• [Task brief]: Repeat precisely the span of lines below that opens with the line containing "by (rule Lim_transform_eventually)" and closes with the line containing "by (simp add: line_exp_def", both included.

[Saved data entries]
↓
lemma tendsto_kernel_tail:
  assumes "0 < a" "a \<noteq> x"
  shows "((\<lambda>T. kernel_tail T a) \<longlongrightarrow> (if a < x then 2 * pi / sqrt x else 0)) at_top"
proof -
  define b where "b = sqrt a"
  have "0 < b" "b \<noteq> sqrt x" and b_less: "b < sqrt x \<longleftrightarrow> a < x"
    using assms x_pos by (auto simp: b_def)
  have "((\<lambda>T. - ibp_factor b * Si_phase T b - (\<integral>u. indicator {b..} u * (ibp_factor' u * Si_phase T u) \<partial>lborel))
      \<longlongrightarrow> - ibp_factor b * (pi / 2 * sgn (b - sqrt x))
        - pi / 2 * (if b < sqrt x then ibp_factor b - 2 * ibp_factor (sqrt x) else - ibp_factor b)) at_top"
    unfolding integral_ibp_factor'_sgn[OF \<open>0 < b\<close> \<open>b \<noteq> sqrt x\<close>, symmetric] Si_phase_def
    using tendsto_Si_scaled_at_top[of "phase b"] \<open>0 < b\<close>
    by (intro tendsto_intros tendsto_integral_ibp_factor'_Si_phase[unfolded Si_phase_def])
      (simp_all add: sgn_phase)
  moreover have "\<forall>\<^sub>F T in at_top. - ibp_factor b * Si_phase T b
      - (\<integral>u. indicator {b..} u * (ibp_factor' u * Si_phase T u) \<partial>lborel) = kernel_tail T a"
    using eventually_ge_at_top[of 0]
    by eventually_elim (simp add: kernel_tail_def b_def[symmetric] integral_kernel_by_parts[OF \<open>0 < b\<close>])
  ultimately have "((\<lambda>T. kernel_tail T a) \<longlongrightarrow> - ibp_factor b * (pi / 2 * sgn (b - sqrt x))
      - pi / 2 * (if b < sqrt x then ibp_factor b - 2 * ibp_factor (sqrt x) else - ibp_factor b)) at_top"
    by (rule Lim_transform_eventually)
  moreover have "sgn (b - sqrt x) = (if a < x then - 1 else 1)"
    using \<open>b \<noteq> sqrt x\<close> b_less by (auto simp: sgn_if)
  ultimately show ?thesis
    using x_pos by (cases "a < x") (simp_all add: b_less ibp_factor_sqrt field_simps)
qed

definition line_exp :: "real \<Rightarrow> complex" where
  "line_exp t = exp (Complex \<epsilon> t * complex_of_real x / 2)"

lemma norm_line_exp: "norm (line_exp t) = weight_max"
  by (simp add: line_exp_def norm_exp_eq_Re weight_max_def)

lemma borel_measurable_line_exp[measurable]: "line_exp \<in> borel_measurable borel"
  unfolding line_exp_def by measurable

lemma gauss_tail_kernel_mult_line_exp:
  "gauss_tail_kernel (Complex \<epsilon> t) a u * line_exp t
    = indicator {sqrt a..} u *\<^sub>R (complex_of_real (weight u) * exp (- (\<i> * complex_of_real (t * phase u))))"
proof (cases "sqrt a \<le> u")
  case True
  have "- Complex \<epsilon> t * (complex_of_real u)\<^sup>2 / 2 + Complex \<epsilon> t * complex_of_real x / 2
      = complex_of_real (- \<epsilon> * phase u) + - (\<i> * complex_of_real (t * phase u))"
    unfolding phase_def by (simp add: complex_eq_iff field_simps)
  then show ?thesis
    using True
    by (simp add: gauss_tail_kernel_def line_exp_def weight_def exp_add[symmetric] exp_of_real[symmetric])
qed (simp add: gauss_tail_kernel_def)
↑
• [Output for this exercise]:
    by (rule Lim_transform_eventually)
  moreover have "sgn (b - sqrt x) = (if a < x then - 1 else 1)"
    using \<open>b \<noteq> sqrt x\<close> b_less by (auto simp: sgn_if)
  ultimately show ?thesis
    using x_pos by (cases "a < x") (simp_all add: b_less ibp_factor_sqrt field_simps)
qed

definition line_exp :: "real \<Rightarrow> complex" where
  "line_exp t = exp (Complex \<epsilon> t * complex_of_real x / 2)"

lemma norm_line_exp: "norm (line_exp t) = weight_max"
  by (simp add: line_exp_def norm_exp_eq_Re weight_max_def)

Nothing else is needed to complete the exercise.